A Nepal district puts old records to new digital uses

A Nepal district puts old records to new digital uses
A Nepal district puts old records to new digital uses

Tuesday, 16 October 2001: Old records used to lie in dusty corners in Kanchanpur, a district in far-west Nepal. Now they have become part of the digital revolution. Kanchanpur is one of the areas in this mountainous country most dedicated to using information technology to modernize public administration and promote local development.

Rishi Raj Lumsali, chairperson of the district development committee, has a vision of Kanchanpur as a model "information technology-friendly" district, one that is coming to life through a programme jointly supported by the Government of Nepal and UNDP.

"The old records that used to be tightly wrapped up in big pieces of cloth and piled above the cupboards have found their place on hard-disks, and there has been an enormous change in the management system," said Mr. Lumsali.

The abundant socio-economic data on the computers has brought a dramatic revolution in the committee's planning processes, and it also provides information services for all the agencies in the district.

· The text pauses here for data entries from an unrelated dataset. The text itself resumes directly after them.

theorem mainTheorem1:
  fixes \<tau> :: real
  assumes "\<tau> > (3 + sqrt 17) / 2"
  shows "AE \<gamma> in lborel. \<gamma> > 0 \<longrightarrow> cantor_set (Dset \<gamma> \<tau>)"
proof -
  have "1 < sqrt 17"
    by (rule real_less_rsqrt) simp
  moreover have "3 + sqrt 17 < 2 * \<tau>"
    using assms by (simp add: field_simps)
  ultimately have "2 < \<tau>"
    by linarith
  then have "AE \<gamma> in lborel. \<gamma> \<notin> {\<gamma>. 0 < \<gamma> \<and> \<not> perfect_set (Dset \<gamma> \<tau>)}"
    by (intro AE_not_in countable_imp_null_set_lborel countable_non_perfect_Dset)
  then show ?thesis
    by eventually_elim (auto simp: cantor_set_def closed_Dset totally_disconnected_Dset)
qed

end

The district committee also produces colourful computer-generated maps depicting road networks, health clinics, educational centres, communication centres and other infrastructure. These transformations have made the committee a resource for activists, planners and students seeking maps and data.

The committee recently provided computer training to officials of seven village development committees. Five of the village committees -- in Dekhatbhuli, Jhalari, Rampur Bilashpur, Shankarpur and Shripur -- pitched in to pay 60 per cent of the cost of new computers, with the district committee paying the balance.

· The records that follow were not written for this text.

(* Let $0<\alpha\le 2\pi/3$. Then for all $u,v\in V$: $u$ and $v$ are connected in $G^-_\alpha$ if and only if they are connected in $G_R$.
   Context: Let $V$ be a finite set of pairwise distinct points (nodes) in the Euclidean plane, $d$ the Euclidean distance, and $R>0$. Let $G_R=(V,E)$ be the undirected graph with $E=\{\{u,v\}: u\neq v,\ d(u,v)\le R\}$. Fix a finite increasing sequence of radius levels $0<r_1<r_2<\dots<r_k=R$. For $u\in V$ and $1\le i\le k$ let $S_i(u)=\{v\in V\setminus\{u\}: d(u,v)\le r_i\}$. For $0<\alpha<2\pi$, a closed cone of width $\alpha$ with apex $u$ is a set $\{u+t(\cos\varphi,\sin\varphi): t\ge 0,\ \varphi\in[\theta-\alpha/2,\theta+\alpha/2]\}$ for some $\theta$. A finite set $S\subseteq V\setminus\{u\}$ has an $\alpha$-gap (at $u$) if some closed cone of width $\alpha$ with apex $u$ contains no node of $S$ (in particular $\emptyset$ has an $\alpha$-gap). The algorithm CBTC($\alpha$) assigns to each $u$ the index $i_u$ = the least $i\in\{1,\dots,k\}$ such that $S_i(u)$ has no $\alpha$-gap, or $i_u=k$ if there is no such $i$; set $N_\alpha(u)=S_{i_u}(u)$ and $N_\alpha=\{(u,v): v\in N_\alpha(u)\}$ (a directed relation, not necessarily symmetric). Let $E^-_\alpha=\{\{u,v\}: (u,v)\in N_\alpha\text{ and }(v,u)\in N_\alpha\}$ and $G^-_\alpha=(V,E^-_\alpha)$. *)

theory Defs
  imports "HOL-Analysis.Analysis"
begin

text \<open>Points of the Euclidean plane are modelled as complex numbers; dist is the
Euclidean distance. Radius levels are r 1 < ... < r k = R.\<close>

definition S_level :: "complex set \<Rightarrow> (nat \<Rightarrow> real) \<Rightarrow> nat \<Rightarrow> complex \<Rightarrow> complex set" where
  "S_level V r i u = {v \<in> V - {u}. dist u v \<le> r i}"

definition cone :: "complex \<Rightarrow> real \<Rightarrow> real \<Rightarrow> complex set" where
  "cone u \<theta> \<alpha> = {u + complex_of_real t * cis \<phi> | t \<phi>.
      t \<ge> 0 \<and> \<theta> - \<alpha>/2 \<le> \<phi> \<and> \<phi> \<le> \<theta> + \<alpha>/2}"

definition has_gap :: "real \<Rightarrow> complex \<Rightarrow> complex set \<Rightarrow> bool" where
  "has_gap \<alpha> u S \<longleftrightarrow> (\<exists>\<theta>. \<forall>v\<in>S. v \<notin> cone u \<theta> \<alpha>)"

definition cbtc_index :: "complex set \<Rightarrow> (nat \<Rightarrow> real) \<Rightarrow> nat \<Rightarrow> real \<Rightarrow> complex \<Rightarrow> nat" where
  "cbtc_index V r k \<alpha> u =
     (if \<exists>i\<in>{1..k}. \<not> has_gap \<alpha> u (S_level V r i u)
      then (LEAST i. i \<in> {1..k} \<and> \<not> has_gap \<alpha> u (S_level V r i u))
      else k)"

definition N_alpha :: "complex set \<Rightarrow> (nat \<Rightarrow> real) \<Rightarrow> nat \<Rightarrow> real \<Rightarrow> complex \<Rightarrow> complex set" where
  "N_alpha V r k \<alpha> u = S_level V r (cbtc_index V r k \<alpha> u) u"

definition E_minus :: "complex set \<Rightarrow> (nat \<Rightarrow> real) \<Rightarrow> nat \<Rightarrow> real \<Rightarrow> complex \<Rightarrow> complex \<Rightarrow> bool" where
  "E_minus V r k \<alpha> u v \<longleftrightarrow> u \<in> V \<and> v \<in> V \<and> v \<in> N_alpha V r k \<alpha> u \<and> u \<in> N_alpha V r k \<alpha> v"

definition E_R :: "complex set \<Rightarrow> real \<Rightarrow> complex \<Rightarrow> complex \<Rightarrow> bool" where
  "E_R V R u v \<longleftrightarrow> u \<in> V \<and> v \<in> V \<and> u \<noteq> v \<and> dist u v \<le> R"

definition connected_in :: "(complex \<Rightarrow> complex \<Rightarrow> bool) \<Rightarrow> complex \<Rightarrow> complex \<Rightarrow> bool" where
  "connected_in E u v \<longleftrightarrow> E\<^sup>*\<^sup>* u v"

end

(* Every edge of the CBTC graph has length at most R, so only the converse needs work.
   Let uv be an edge of G_R that is not symmetric in CBTC, say v is not in N_alpha(u).
   Then u stopped at a radius below d(u,v) because that level left no alpha-gap, so the
   cone of width alpha around the ray from u to v contains a neighbour w of u with
   d(u,w) < d(u,v). The angle vuw is at most alpha/2 <= pi/3, hence also d(w,v) < d(u,v).
   Replacing uv by uw and wv and inducting on the length of the edge (there are only
   finitely many pairs of nodes) connects u and v in the CBTC graph. *)

theory Submission
  imports Defs
begin

lemma finite_measure_induct [consumes 2, case_names less]:
  fixes f :: "'a \<Rightarrow> 'b::linorder"
  assumes "finite A" "x \<in> A"
    and step: "\<And>x. x \<in> A \<Longrightarrow> (\<And>y. y \<in> A \<Longrightarrow> f y < f x \<Longrightarrow> P y) \<Longrightarrow> P x"
  shows "P x"
proof -
  define m where "m x = card {y \<in> A. f y < f x}" for x
  have "x \<in> A \<longrightarrow> P x"
  proof (induction x rule: measure_induct_rule[of m])
    case (less x)
    show ?case
    proof
      assume "x \<in> A"
      then show "P x"
      proof (rule step)
        fix y assume "y \<in> A" "f y < f x"
        then have "{z \<in> A. f z < f y} \<subset> {z \<in> A. f z < f x}"
          by auto
        then have "m y < m x"
          unfolding m_def using \<open>finite A\<close> by (simp add: psubset_card_mono)
        then show "P y"
          using less \<open>y \<in> A\<close> by blast
      qed
    qed
  qed
  then show ?thesis
    using \<open>x \<in> A\<close> by blast
qed

lemma norm_of_real_cis_minus_less:
  fixes t b \<psi> :: real
  assumes "0 < t" "t < b" "1/2 \<le> cos \<psi>"
  shows "cmod (of_real t * cis \<psi> - of_real b) < b"
proof -
  have "(cmod (of_real t * cis \<psi> - of_real b))\<^sup>2 = (t * cos \<psi> - b)\<^sup>2 + (t * sin \<psi>)\<^sup>2"
    by (simp add: cmod_power2)
  also have "\<dots> = t\<^sup>2 * ((sin \<psi>)\<^sup>2 + (cos \<psi>)\<^sup>2) - 2 * t * b * cos \<psi> + b\<^sup>2"
    by (simp add: power2_eq_square; algebra)
  also have "\<dots> = t\<^sup>2 - 2 * t * b * cos \<psi> + b\<^sup>2"
    by simp
  also have "\<dots> \<le> t\<^sup>2 - t * b + b\<^sup>2"
    using mult_left_mono[OF assms(3), of "2 * t * b"] assms(1,2) by simp
  also have "\<dots> < b\<^sup>2"
    using assms(1,2) by (simp add: power2_eq_square)
  finally show ?thesis
    using assms(1,2) by (simp add: power2_less_imp_less)
qed

lemma dist_less_if_in_cone:
  assumes w: "w \<in> cone u (Arg (v - u)) \<alpha>" and \<alpha>: "\<alpha> \<le> 2 * pi / 3"
    and "w \<noteq> u" and closer: "dist u w < dist u v"
  shows "dist w v < dist u v"
proof -
  define \<theta> where "\<theta> = Arg (v - u)"
  obtain t \<phi> where w_eq: "w = u + of_real t * cis \<phi>" and "0 \<le> t"
    and "\<theta> - \<alpha>/2 \<le> \<phi>" "\<phi> \<le> \<theta> + \<alpha>/2"
    using w unfolding cone_def \<theta>_def by blast
  then have "\<bar>\<phi> - \<theta>\<bar> \<le> pi/3"
    using \<alpha> by linarith
  then have "cos (pi/3) \<le> cos \<bar>\<phi> - \<theta>\<bar>"
    by (intro cos_monotone_0_pi_le) auto
  then have cos_ge: "1/2 \<le> cos (\<phi> - \<theta>)"
    by (simp add: cos_60 cos_abs_real)
  have t_eq: "t = dist u w"
    using w_eq \<open>0 \<le> t\<close> by (simp add: dist_norm norm_mult)
  have "v - u = of_real (dist u v) * cis \<theta>"
    using rcis_cmod_Arg[of "v - u"] by (simp add: \<theta>_def rcis_def dist_norm norm_minus_commute)
  \<comment> \<open>rotating by -\<theta> puts v - u on the positive real axis\<close>
  then have "w - v = cis \<theta> * (of_real t * cis (\<phi> - \<theta>) - of_real (dist u v))"
    by (simp add: w_eq algebra_simps cis_mult flip: cis_divide)
  then have "dist w v = cmod (of_real t * cis (\<phi> - \<theta>) - of_real (dist u v))"
    by (simp add: dist_norm norm_mult)
  also have "\<dots> < dist u v"
    using norm_of_real_cis_minus_less[OF _ _ cos_ge] t_eq closer \<open>w \<noteq> u\<close> by simp
  finally show ?thesis .
qed

lemma dist_less_if_not_in_S_level:
  assumes "v \<in> V" "v \<noteq> u" "v \<notin> S_level V r i u" "w \<in> S_level V r i u"
  shows "dist u w < dist u v"
  using assms by (auto simp: S_level_def)

locale cbtc =
  fixes V :: "complex set" and r :: "nat \<Rightarrow> real" and k :: nat and R \<alpha> :: real
  assumes finite_V: "finite V"
    and k_ge_1: "k \<ge> 1"
    and r_strict_mono: "\<And>i j. 1 \<le> i \<Longrightarrow> i < j \<Longrightarrow> j \<le> k \<Longrightarrow> r i < r j"
    and r_k: "r k = R"
    and alpha_le: "\<alpha> \<le> 2 * pi / 3"
begin

abbreviation N :: "complex \<Rightarrow> complex set" where
  "N \<equiv> N_alpha V r k \<alpha>"

lemma cbtc_index_mem: "cbtc_index V r k \<alpha> u \<in> {1..k}"
proof (cases "\<exists>i\<in>{1..k}. \<not> has_gap \<alpha> u (S_level V r i u)")
  case True
  then have "\<exists>i. i \<in> {1..k} \<and> \<not> has_gap \<alpha> u (S_level V r i u)"
    by blast
  from LeastI_ex[OF this] True show ?thesis
    by (simp add: cbtc_index_def)
next
  case False
  then show ?thesis
    using k_ge_1 by (simp add: cbtc_index_def)
qed

lemma r_le_R: "i \<in> {1..k} \<Longrightarrow> r i \<le> R"
  using r_strict_mono[of i k] r_k by (cases "i = k") auto

lemma N_alpha_subset: "N u \<subseteq> {w \<in> V - {u}. dist u w \<le> R}"
  using cbtc_index_mem[of u] r_le_R[of "cbtc_index V r k \<alpha> u"]
  by (auto simp: N_alpha_def S_level_def)

lemma E_minus_imp_E_R: "E_minus V r k \<alpha> u v \<Longrightarrow> E_R V R u v"
  using N_alpha_subset[of u] by (auto simp: E_minus_def E_R_def)

lemma N_alpha_no_gap:
  assumes "E_R V R u v" "v \<notin> N u"
  shows "\<not> has_gap \<alpha> u (N u)"
proof -
  have ex: "\<exists>i\<in>{1..k}. \<not> has_gap \<alpha> u (S_level V r i u)"
  proof (rule ccontr)
    assume "\<not> ?thesis"
    then have "N u = S_level V r k u"
      by (simp add: N_alpha_def cbtc_index_def)
    then show False
      using assms r_k by (auto simp: E_R_def S_level_def)
  qed
  then have "\<exists>i. i \<in> {1..k} \<and> \<not> has_gap \<alpha> u (S_level V r i u)"
    by blast
  from LeastI_ex[OF this] ex show ?thesis
    by (simp add: N_alpha_def cbtc_index_def)
qed

lemma shortcut_if_not_in_N_alpha:
  assumes uv: "E_R V R u v" and v_notin: "v \<notin> N u"
  obtains w where "E_R V R u w" "E_R V R w v" "dist u w < dist u v" "dist w v < dist u v"
proof -
  obtain w where w: "w \<in> N u" and w_cone: "w \<in> cone u (Arg (v - u)) \<alpha>"
    using N_alpha_no_gap[OF assms] unfolding has_gap_def by blast
  have "w \<in> V" "w \<noteq> u"
    using w N_alpha_subset by auto
  have uw_less: "dist u w < dist u v"
    using dist_less_if_not_in_S_level[of v V u r] uv v_notin w
    by (auto simp: E_R_def N_alpha_def)
  have wv_less: "dist w v < dist u v"
    using dist_less_if_in_cone[OF w_cone alpha_le \<open>w \<noteq> u\<close> uw_less] .
  have "w \<noteq> v"
    using w v_notin by auto
  with uv uw_less wv_less \<open>w \<in> V\<close> \<open>w \<noteq> u\<close> show thesis
    by (intro that) (auto simp: E_R_def)
qed

lemma E_R_imp_rtranclp_E_minus:
  assumes "E_R V R u v"
  shows "(E_minus V r k \<alpha>)\<^sup>*\<^sup>* u v"
proof -
  let ?E = "E_minus V r k \<alpha>"
  have sym: "symp ?E\<^sup>*\<^sup>*"
    by (intro symp_rtranclp sympI) (auto simp: E_minus_def)
  have "E_R V R (fst p) (snd p) \<longrightarrow> ?E\<^sup>*\<^sup>* (fst p) (snd p)" if "p \<in> V \<times> V" for p
    using finite_cartesian_product[OF finite_V finite_V] that
  proof (induction p rule: finite_measure_induct[where f = "\<lambda>p. dist (fst p) (snd p)"])
    case (less p)
    obtain u v where p: "p = (u, v)"
      by fastforce
    have IH: "?E\<^sup>*\<^sup>* x y" if "E_R V R x y" "dist x y < dist u v" for x y
      using less.IH[of "(x, y)"] that p by (auto simp: E_R_def)
    show ?case
      unfolding p fst_conv snd_conv
    proof
      assume uv: "E_R V R u v"
      consider "?E u v" | "v \<notin> N u" | "u \<notin> N v"
        using uv by (auto simp: E_minus_def E_R_def)
      then show "?E\<^sup>*\<^sup>* u v"
      proof cases
        case 1
        then show ?thesis by blast
      next
        case 2
        then obtain w where "E_R V R u w" "E_R V R w v" "dist u w < dist u v" "dist w v < dist u v"
          using shortcut_if_not_in_N_alpha[OF uv] by blast
        then show ?thesis
          using IH rtranclp_trans by metis
      next
        case 3
        have vu: "E_R V R v u"
          using uv by (auto simp: E_R_def dist_commute)
        obtain w where "E_R V R v w" "E_R V R w u" "dist v w < dist u v" "dist w u < dist u v"
          using shortcut_if_not_in_N_alpha[OF vu 3] by (metis dist_commute)
        then have "?E\<^sup>*\<^sup>* v u"
          using IH rtranclp_trans by metis
        then show ?thesis
          using sym by (simp add: sympD)
      qed
    qed
  qed
  from this[of "(u, v)"] show ?thesis
    using assms by (simp add: E_R_def)
qed

lemma rtranclp_E_minus_eq_rtranclp_E_R: "(E_minus V r k \<alpha>)\<^sup>*\<^sup>* = (E_R V R)\<^sup>*\<^sup>*"
proof (rule antisym)
  show "(E_minus V r k \<alpha>)\<^sup>*\<^sup>* \<le> (E_R V R)\<^sup>*\<^sup>*"
    by (rule rtranclp_mono) (auto intro: E_minus_imp_E_R)
  have "(E_R V R)\<^sup>*\<^sup>* \<le> ((E_minus V r k \<alpha>)\<^sup>*\<^sup>*)\<^sup>*\<^sup>*"
    by (rule rtranclp_mono) (auto intro: E_R_imp_rtranclp_E_minus)
  then show "(E_R V R)\<^sup>*\<^sup>* \<le> (E_minus V r k \<alpha>)\<^sup>*\<^sup>*"
    by simp
qed

end

theorem theorem4:
  fixes V :: "complex set" and r :: "nat \<Rightarrow> real" and k :: nat and R \<alpha> :: real
  assumes "finite V"
    and "R > 0"
    and "k \<ge> 1"
    and "0 < r 1"
    and "\<And>i j. 1 \<le> i \<Longrightarrow> i < j \<Longrightarrow> j \<le> k \<Longrightarrow> r i < r j"
    and "r k = R"
    and "0 < \<alpha>" and "\<alpha> \<le> 2 * pi / 3"
    and "u \<in> V" and "v \<in> V"
  shows "connected_in (E_minus V r k \<alpha>) u v \<longleftrightarrow> connected_in (E_R V R) u v"
proof -
  interpret cbtc V r k R \<alpha>
    using assms by unfold_locales auto
  show ?thesis
    by (simp add: connected_in_def rtranclp_E_minus_eq_rtranclp_E_R)
qed

end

The village committees in Dodhara and Chandani acquired computers through a contribution from members of parliament.

"The next step is to establish links between the computers of the village committees and those of the district committee," said Mr. Lumsali. His committee has started networking with village committee computers, and six members of parliament from the district have committed to contributing computers for the district's 12 remaining village committees.